Looking at kref_put_lock(), it uses refcount_dec_and_lock() which acquires
the spinlock before the 1->0 transition is completed. Since
auth_domain_lookup() holds the same auth_domain_lock, is it actually possible
for it to encounter a 0-refcount entry under normal conditions?
> diff --git a/net/sunrpc/svcauth.c b/net/sunrpc/svcauth.c
> index 55b4d2874188..8e01f0626759 100644
> --- a/net/sunrpc/svcauth.c
> +++ b/net/sunrpc/svcauth.c
> @@ -245,8 +245,10 @@ auth_domain_lookup(char *name, struct auth_domain *new)

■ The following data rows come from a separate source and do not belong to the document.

lemma log_bounds_dominated:
  fixes lam :: nat and \<epsilon> D W :: real
  assumes lam: "2 \<le> lam" and \<epsilon>: "0 < \<epsilon>" "\<epsilon> < 1/4"
    and D: "D \<le> 2 * log 2 (1 / \<epsilon>) + 11" and W: "W \<le> 640 / \<epsilon>"
  shows "D \<le> 1000 * (real lam * (log 2 (log 2 (1 / \<epsilon>))) powr (1 / (real lam - 1)) + log 2 (1 / \<epsilon>))"
    and "W \<le> 1000 * (real lam * (log 2 (log 2 (1 / \<epsilon>))) powr (1 / (real lam - 1) + 1) + 1 / \<epsilon>)"
    and "W * log 2 (real lam)
           \<le> 1000 * (log 2 (real lam) * (real lam * (log 2 (log 2 (1 / \<epsilon>))) powr (1 / (real lam - 1) + 1) + 1 / \<epsilon>))"
proof -
  have "2 < 1 / \<epsilon>" using \<epsilon> by (simp add: field_simps)
  then have "1 < log 2 (1 / \<epsilon>)" using \<epsilon> by (simp add: less_log_iff)
  then show "D \<le> 1000 * (real lam * (log 2 (log 2 (1 / \<epsilon>))) powr (1 / (real lam - 1)) + log 2 (1 / \<epsilon>))"
    using D by (simp add: distrib_left add_increasing)
  have "640 / \<epsilon> \<le> 1000 * (1 / \<epsilon>)" using \<epsilon> by (simp add: divide_right_mono)
  then show W': "W \<le> 1000 * (real lam * (log 2 (log 2 (1 / \<epsilon>))) powr (1 / (real lam - 1) + 1) + 1 / \<epsilon>)"
    using W by (simp add: distrib_left add_increasing)
  have "0 \<le> log 2 (real lam)" using lam by simp
  with W' show "W * log 2 (real lam)
      \<le> 1000 * (log 2 (real lam) * (real lam * (log 2 (log 2 (1 / \<epsilon>))) powr (1 / (real lam - 1) + 1) + 1 / \<epsilon>))"
    by (metis mult_right_mono mult.commute mult.left_commute)
qed

theorem theorem3:
  shows "\<exists>C \<epsilon>0::real. C > 0 \<and> 0 < \<epsilon>0 \<and> \<epsilon>0 < 1 \<and>
    (\<forall>lam::nat. lam \<ge> 2 \<longrightarrow>
      (\<forall>f. F11 f \<longrightarrow>
        (\<forall>\<epsilon>::real. 0 < \<epsilon> \<and> \<epsilon> < 1 \<longrightarrow>
          (\<exists>N. valid_net N \<and> card (weight_values N) \<le> lam \<and>
               (\<forall>x\<in>{0..1}. \<bar>net_fun N x - f x\<bar> \<le> \<epsilon>) \<and>
               (\<epsilon> < \<epsilon>0 \<longrightarrow>
                  real (depth N) \<le> C * (real lam * (log 2 (log 2 (1/\<epsilon>))) powr (1 / (real lam - 1))
                                         + log 2 (1/\<epsilon>)) \<and>
                  real (num_weights N) \<le> C * (real lam * (log 2 (log 2 (1/\<epsilon>))) powr (1 / (real lam - 1) + 1)
                                         + 1/\<epsilon>) \<and>
                  storage_bits lam N \<le> C * (log 2 (real lam) *
                      (real lam * (log 2 (log 2 (1/\<epsilon>))) powr (1 / (real lam - 1) + 1) + 1/\<epsilon>)))))))"
proof (rule exI[of _ "1000::real"], rule exI[of _ "1/4::real"], intro conjI allI impI)
  fix lam :: nat and f and \<epsilon> :: real
  assume lam: "2 \<le> lam" and f: "F11 f" and \<epsilon>: "0 < \<epsilon> \<and> \<epsilon> < 1"
  obtain N where N: "valid_net N" "card (weight_values N) \<le> 2" "\<forall>x\<in>{0..1}. \<bar>net_fun N x - f x\<bar> \<le> \<epsilon>"
    and depth: "real (depth N) \<le> 2 * log 2 (1 / \<epsilon>) + 11" and weights: "real (num_weights N) \<le> 640 / \<epsilon>"
    using relu_net_two_weight_values[OF f] \<epsilon> by blast
  show "\<exists>N. valid_net N \<and> card (weight_values N) \<le> lam \<and>
      (\<forall>x\<in>{0..1}. \<bar>net_fun N x - f x\<bar> \<le> \<epsilon>) \<and>
      (\<epsilon> < 1/4 \<longrightarrow>
         real (depth N) \<le> 1000 * (real lam * (log 2 (log 2 (1/\<epsilon>))) powr (1 / (real lam - 1))
                                 + log 2 (1/\<epsilon>)) \<and>
         real (num_weights N) \<le> 1000 * (real lam * (log 2 (log 2 (1/\<epsilon>))) powr (1 / (real lam - 1) + 1)
                                       + 1/\<epsilon>) \<and>
         storage_bits lam N \<le> 1000 * (log 2 (real lam) *
             (real lam * (log 2 (log 2 (1/\<epsilon>))) powr (1 / (real lam - 1) + 1) + 1/\<epsilon>)))"
    using N lam log_bounds_dominated[OF lam _ _ depth weights] \<epsilon>
    by (intro exI[of _ N]) (auto simp: storage_bits_def)
qed simp_all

> spin_lock(&auth_domain_lock);
>
> hlist_for_each_entry(hp, head, hash) {
> - if (strcmp(hp->name, name)==0) {
> - kref_get(&hp->ref);
> + if (strcmp(hp->name, name) == 0) {
> + if (!kref_get_unless_zero(&hp->ref))
> + continue;
> +
> spin_unlock(&auth_domain_lock);
> return hp;
> }
[Severity: High]
If a 0-refcount entry is encountered here, wouldn't it indicate a severe
underlying refcount imbalance or use-after-free rather than a normal race?
By using kref_get_unless_zero() and continuing the search, might this silently
mask the root cause of the WARN instead of resolving it?
Furthermore, if the loop skips the 0-refcount entry and falls through to the
end of the function, won't it insert a duplicate auth_domain with the same
name into the hash list?
--
Chuck Lever